For clarity, we summarize here the principal features and the main steps of the method presented and discussed extensively in Paper I.

  • From the longslit spectrum of a continuum-subtracted emission line one constructs the “spectroastrometric curve” by measuring the line centroid along the slit for all wavelength channels. The “spectroastrometric curve” of the line is given by the position centroids as a function of wavelength.

  • From the simulations presented in Paper I, we showed that the information about the BH gravitational field is predominantly encoded in the “high velocity” (HV) range of the spectroastrometric curve which comprises the points in the red and blue wings of the line. The HV part of the line spectrum originates from the gas moving at high velocities closer to the BH, in the case of Keplerian rotation and this emission is spatially unresolved. For this reason the HV part of the line spectrum is not strongly influenced by the spatial resolution or other instrumental effects like slit losses or by the intrinsic line flux distribution. On the other hand “low velocity” (LV) emission is usually spatially resolved (i.e. the gas moving at lower velocities is located farther away from the BH) and this makes the spectroastrometric curve not useful. The HV range of the curve is identified by measuring the spatial extent of the line emission as function of wavelength and discarding the central (i.e. LV range) bins where the line emission becomes broader than the instrumental spatial resolution.

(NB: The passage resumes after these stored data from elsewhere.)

lemma submodular_on_contraction:
  assumes "submodular_on C f" and "X \<subseteq> C"
  shows "submodular_on (C - X) (contraction f X)"
  unfolding submodular_on_def
proof (intro allI impI)
  fix Y Z assume "Y \<subseteq> C - X" "Z \<subseteq> C - X"
  then have "f ((Y \<union> X) \<union> (Z \<union> X)) + f ((Y \<union> X) \<inter> (Z \<union> X)) \<le> f (Y \<union> X) + f (Z \<union> X)"
    using assms by (intro submodular_onD) auto
  moreover have "(Y \<union> X) \<union> (Z \<union> X) = (Y \<union> Z) \<union> X" "(Y \<union> X) \<inter> (Z \<union> X) = (Y \<inter> Z) \<union> X"
    by auto
  ultimately show "contraction f X (Y \<union> Z) + contraction f X (Y \<inter> Z)
      \<le> contraction f X Y + contraction f X Z"
    unfolding contraction_def by simp
qed

lemma submodular_on_minimizer_Un:
  assumes "submodular_on C h" and "X \<subseteq> C" and "Y \<subseteq> C"
    and "\<And>Z. Z \<subseteq> C \<Longrightarrow> h X \<le> h Z" and "h Y = h X"
  shows "h (X \<union> Y) = h X"
proof -
  have "h (X \<union> Y) + h (X \<inter> Y) \<le> h X + h Y"
    using submodular_onD[OF assms(1-3)] .
  moreover have "h X \<le> h (X \<inter> Y)" "h X \<le> h (X \<union> Y)"
    using assms(2,3) by (auto intro: assms(4))
  ultimately show ?thesis
    using assms(5) by linarith
qed

lemma ex_greatest_minimizer:
  assumes "finite C" and "submodular_on C h"
  shows "\<exists>X. X \<subseteq> C \<and> (\<forall>Y. Y \<subseteq> C \<longrightarrow> h X \<le> h Y) \<and> (\<forall>Y. Y \<subseteq> C \<and> h Y = h X \<longrightarrow> Y \<subseteq> X)"
proof -
  obtain X1 where X1: "X1 \<subseteq> C" "\<And>Y. Y \<subseteq> C \<Longrightarrow> h X1 \<le> h Y"
    using ex_is_arg_min_if_finite[of "Pow C" h] assms(1) by (auto simp: is_arg_min_linorder)
  define M where "M = {X. X \<subseteq> C \<and> h X = h X1}"
  have "finite M"
    unfolding M_def using assms(1) by (auto intro: rev_finite_subset[of "Pow C"])
  moreover have "X1 \<in> M"
    unfolding M_def using X1 by simp
  ultimately obtain X0 where X0: "X0 \<in> M" "\<And>Y. Y \<in> M \<Longrightarrow> X0 \<subseteq> Y \<Longrightarrow> X0 = Y"
    using finite_has_maximal[of M] by blast
  have X0C: "X0 \<subseteq> C" and hX0: "h X0 = h X1"
    using X0(1) by (auto simp: M_def)
  have "Y \<subseteq> X0" if "Y \<subseteq> C" "h Y = h X0" for Y
  proof -
    have "h (X0 \<union> Y) = h X0"
      using submodular_on_minimizer_Un[OF assms(2) X0C that(1)] X1(2) hX0 that(2) by simp
    then have "X0 = X0 \<union> Y"
      using X0C that(1) hX0 by (intro X0(2)) (auto simp: M_def)
    then show ?thesis by blast
  qed
  then show ?thesis
    using X0C X1(2) hX0 by (intro exI[of _ X0]) auto
qed

text \<open>Submodularity makes the minimizers of \<open>h\<close> closed under union, so an
  inclusion-maximal minimizer contains all the others and is unique.\<close>

lemma max_minimizer:
  assumes "finite C" and "submodular_on C h"
  shows "max_minimizer C h \<subseteq> C"
    and "\<And>Y. Y \<subseteq> C \<Longrightarrow> h (max_minimizer C h) \<le> h Y"
    and "\<And>Y. Y \<subseteq> C \<Longrightarrow> h Y = h (max_minimizer C h) \<Longrightarrow> Y \<subseteq> max_minimizer C h"
proof -
  define Q where "Q = (\<lambda>X. X \<subseteq> C \<and> (\<forall>Y. Y \<subseteq> C \<longrightarrow> h X \<le> h Y)
    \<and> (\<forall>Y. Y \<subseteq> C \<and> h Y = h X \<longrightarrow> Y \<subseteq> X))"
  obtain X0 where "Q X0"
    using ex_greatest_minimizer[OF assms] unfolding Q_def by blast
  moreover have "X = X0" if "Q X" for X
  proof -
    have "h X \<le> h X0" "h X0 \<le> h X"
      using that \<open>Q X0\<close> unfolding Q_def by blast+
    then have "h X = h X0"
      by simp
    then have "X0 \<subseteq> X" "X \<subseteq> X0"
      using that \<open>Q X0\<close> unfolding Q_def by simp_all
    then show ?thesis by blast
  qed
  ultimately have "Q (THE X. Q X)"
    by (rule theI)
  moreover have "max_minimizer C h = (THE X. Q X)"
    unfolding max_minimizer_def Q_def ..
  ultimately show "max_minimizer C h \<subseteq> C"
    and "\<And>Y. Y \<subseteq> C \<Longrightarrow> h (max_minimizer C h) \<le> h Y"
    and "\<And>Y. Y \<subseteq> C \<Longrightarrow> h Y = h (max_minimizer C h) \<Longrightarrow> Y \<subseteq> max_minimizer C h"
    unfolding Q_def by auto
qed

lemma sum_add_scaled:
  fixes w r :: "'i \<Rightarrow> real"
  shows "(\<Sum>i\<in>X. a * w i + r i) = a * sum w X + sum r X"
  by (simp add: sum.distrib flip: sum_distrib_left)

lemma region_add_scaled:
  assumes "r \<in> region D (\<lambda>Y. g Y - a * sum w Y)"
  shows "(\<lambda>i. a * w i + r i) \<in> region D g"
  using assms unfolding region_iff sum_add_scaled by auto

lemma sum_if_mem:
  assumes "finite Y"
  shows "(\<Sum>i\<in>Y. if i \<in> X then r1 i else r2 i) = sum r1 (Y \<inter> X) + sum r2 (Y - X)"
  using sum.If_cases[OF assms, of "\<lambda>i. i \<in> X" r1 r2] by (simp add: Diff_eq)

lemma region_glue:
  assumes "finite C" and "submodular_on C f" and "X \<subseteq> C"
    and "r1 \<in> region X f" and "r2 \<in> region (C - X) (contraction f X)"
  shows "(\<lambda>i. if i \<in> X then r1 i else r2 i) \<in> region C f"
  unfolding region_iff
proof (intro conjI allI impI)
  fix Y assume "Y \<subseteq> C"
  then have "(\<Sum>i\<in>Y. if i \<in> X then r1 i else r2 i) = sum r1 (Y \<inter> X) + sum r2 (Y - X)"
    using assms(1) by (intro sum_if_mem) (rule finite_subset)
  also have "\<dots> \<le> f (Y \<inter> X) + contraction f X (Y - X)"
  proof (rule add_mono)
    show "sum r1 (Y \<inter> X) \<le> f (Y \<inter> X)"
      by (rule regionD[OF assms(4)]) blast
    show "sum r2 (Y - X) \<le> contraction f X (Y - X)"
      by (rule regionD[OF assms(5)]) (use \<open>Y \<subseteq> C\<close> in blast)
  qed
  also have "\<dots> = f (Y \<inter> X) + f (Y \<union> X) - f X"
    unfolding contraction_def by (simp add: Un_Diff_cancel2)
  also have "\<dots> \<le> f Y"
    using submodular_onD[OF assms(2) \<open>Y \<subseteq> C\<close> assms(3)] by simp
  finally show "(\<Sum>i\<in>Y. if i \<in> X then r1 i else r2 i) \<le> f Y" .
next
  have "(\<Sum>i\<in>C. if i \<in> X then r1 i else r2 i) = sum r1 X + sum r2 (C - X)"
    using sum_if_mem[OF assms(1), of X r1 r2] by (simp add: Int_absorb1[OF assms(3)])
  also have "\<dots> = f C"
    using region_sum_eq[OF assms(4)] region_sum_eq[OF assms(5)] assms(3)
    unfolding contraction_def by (simp add: Un_absorb2)
  finally show "(\<Sum>i\<in>C. if i \<in> X then r1 i else r2 i) = f C" .
qed

definition tight_levels :: "'i set \<Rightarrow> ('i set \<Rightarrow> real) \<Rightarrow> ('i \<Rightarrow> real) \<Rightarrow> ('i \<Rightarrow> real) \<Rightarrow> bool" where
  "tight_levels C f r w \<longleftrightarrow> (\<forall>c. sum r {i \<in> C. r i / w i \<le> c} = f {i \<in> C. r i / w i \<le> c})"

lemma tight_levelsD:
  "tight_levels C f r w \<Longrightarrow> sum r {i \<in> C. r i / w i \<le> c} = f {i \<in> C. r i / w i \<le> c}"
  unfolding tight_levels_def by blast

lemma tight_levels_add_scaled:
  assumes "\<forall>i\<in>D. w i > 0" and "tight_levels D (\<lambda>Y. g Y - a * sum w Y) r w"
  shows "tight_levels D g (\<lambda>i. a * w i + r i) w"
  unfolding tight_levels_def
proof
  fix c
  let ?L = "{i \<in> D. (a * w i + r i) / w i \<le> c}"
  have "?L = {i \<in> D. r i / w i \<le> c - a}"
    using assms(1) by (auto simp: add_divide_distrib)
  then show "(\<Sum>i\<in>?L. a * w i + r i) = g ?L"
    using tight_levelsD[OF assms(2), of "c - a"] by (simp add: sum_add_scaled)
qed

lemma tight_levels_glue:
  assumes "finite C" and "X \<subseteq> C" and "sum r1 X = f X"
    and "tight_levels X f r1 w" and "tight_levels (C - X) (contraction f X) r2 w"
    and "\<forall>i\<in>X. r1 i / w i \<le> lam" and "\<forall>i\<in>C - X. lam < r2 i / w i"
  shows "tight_levels C f (\<lambda>i. if i \<in> X then r1 i else r2 i) w"
  unfolding tight_levels_def
proof
  fix c
  let ?r = "\<lambda>i. if i \<in> X then r1 i else r2 i"
  show "sum ?r {i \<in> C. ?r i / w i \<le> c} = f {i \<in> C. ?r i / w i \<le> c}"
  proof (cases "c \<le> lam")
    case True
    then have "{i \<in> C. ?r i / w i \<le> c} = {i \<in> X. r1 i / w i \<le> c}"
      using assms(2,7) by force
    moreover have "sum ?r {i \<in> X. r1 i / w i \<le> c} = sum r1 {i \<in> X. r1 i / w i \<le> c}"
      by (rule sum.cong) auto
    ultimately show ?thesis
      using tight_levelsD[OF assms(4)] by simp
  next
    case False
    define L where "L = {i \<in> C - X. r2 i / w i \<le> c}"
    have "{i \<in> C. ?r i / w i \<le> c} = X \<union> L"
      unfolding L_def using assms(2,6) False by force
    moreover have "sum ?r (X \<union> L) = sum r1 X + sum r2 L"
    proof -
      have "finite X" "finite L"
        using assms(1,2) unfolding L_def by (auto intro: finite_subset)
      then have "sum ?r (X \<union> L) = sum ?r X + sum ?r L"
        by (intro sum.union_disjoint) (auto simp: L_def)
      also have "sum ?r X = sum r1 X"
        by (rule sum.cong) auto
      also have "sum ?r L = sum r2 L"
        unfolding L_def by (rule sum.cong) auto
      finally show ?thesis .
    qed
    moreover have "sum r2 L = f (L \<union> X) - f X"
      using tight_levelsD[OF assms(5)] unfolding L_def contraction_def by simp
    ultimately show ?thesis
      using assms(3) by (simp add: Un_commute)
  qed
qed

lemma tight_levels_ratio_le:
  assumes "finite X" and "\<forall>i\<in>X. w i > 0"
    and "tight_levels X f r w" and "sum r X = f X"
    and "\<And>Y. Y \<subseteq> X \<Longrightarrow> f X - lam * sum w X \<le> f Y - lam * sum w Y"
  shows "\<forall>i\<in>X. r i / w i \<le> lam"
proof (rule ccontr)
  assume "\<not> (\<forall>i\<in>X. r i / w i \<le> lam)"
  define L where "L = {i \<in> X. r i / w i \<le> lam}"
  define U where "U = X - L"
  have "L \<subseteq> X" "U \<noteq> {}" "finite U"
    using \<open>\<not> (\<forall>i\<in>X. r i / w i \<le> lam)\<close> assms(1) unfolding L_def U_def by auto
  have "sum r U = f X - f L" "sum w U = sum w X - sum w L"
    using tight_levelsD[OF assms(3), of lam] assms(1,4) \<open>L \<subseteq> X\<close>
    unfolding U_def L_def by (simp_all add: sum_diff)
  then have "sum r U \<le> lam * sum w U"
    using assms(5)[OF \<open>L \<subseteq> X\<close>] by (simp add: right_diff_distrib)
  moreover have "lam * sum w U < sum r U"
    unfolding sum_distrib_left
  proof (rule sum_strict_mono[OF \<open>finite U\<close> \<open>U \<noteq> {}\<close>])
    fix i assume "i \<in> U"
    then show "lam * w i < r i"
      using assms(2) unfolding U_def L_def by (auto simp: not_le pos_less_divide_eq)
  qed
  ultimately show False by simp
qed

  • By measuring the spectroastrometric curves of a given line from at least three spectra taken at different slit position angles, one can obtain a “spectroastrometric map” of the source on the plane of the sky by geometrically combining the three curves. In the case of integral field spectra, this step is obviously not necessary because the spectroastrometric map is derived directly from the data cubes. In the case of a rotating disk with a radially symmetric line flux distribution the points of the spectroastrometric map should lie on the disk line of nodes. However even for IFU data the effect of slit losses or a non-symmetric line flux distribution can perturb the light centroid positions moving them away from the disk line of nodes. As shown in Paper I and discussed above, these effects become negligible for the HV range of the map where the emission is spatially unresolved. In contrast, the LV points of the map tend to lie away from the line of nodes in a typical “loop” shape. The final spectroastrometric map is then obtained by selecting only the HV points.

  • One can then estimate the disk line of nodes by a line fitting of the HV range of the spectroastrometric map, project those points on the estimated disk line of nodes and obtain the disk rotation curve. Finally, one can apply a simple model fitting procedure and obtain the parameters determining the gas rotation curve, and in particular the BH mass.

4. Longslit spectra: observations and data analysis

4.1. The data

We use available near infrared spectra of the nucleus of Centaurus A obtained with ISAAC at the ESO VLT telescope (see Marconi et al. 2006, for details). Briefly, the spectra were obtained with a wide slit and cover a wavelength range of 1.24−1.30   μm with a resolving power of λλ = 10   500, corresponding to a spectral resolution of  ~1.2   Å at the central wavelength (λ = 1.274   μm). The spatial scale of the spectra is 0.147″/pixel along the slit axis and the dispersion is 0.58 Å/pixel. The spatial resolution of the spectra is estimated as (FWHM of the PSF). There are three different spectra characterized by a different slit position angle: the one we will refer to as “PA1” has a position angle of 32.5°, “PA2” has −44.5° and “PA3” has 83.5° (see Marconi et al. 2006, for details).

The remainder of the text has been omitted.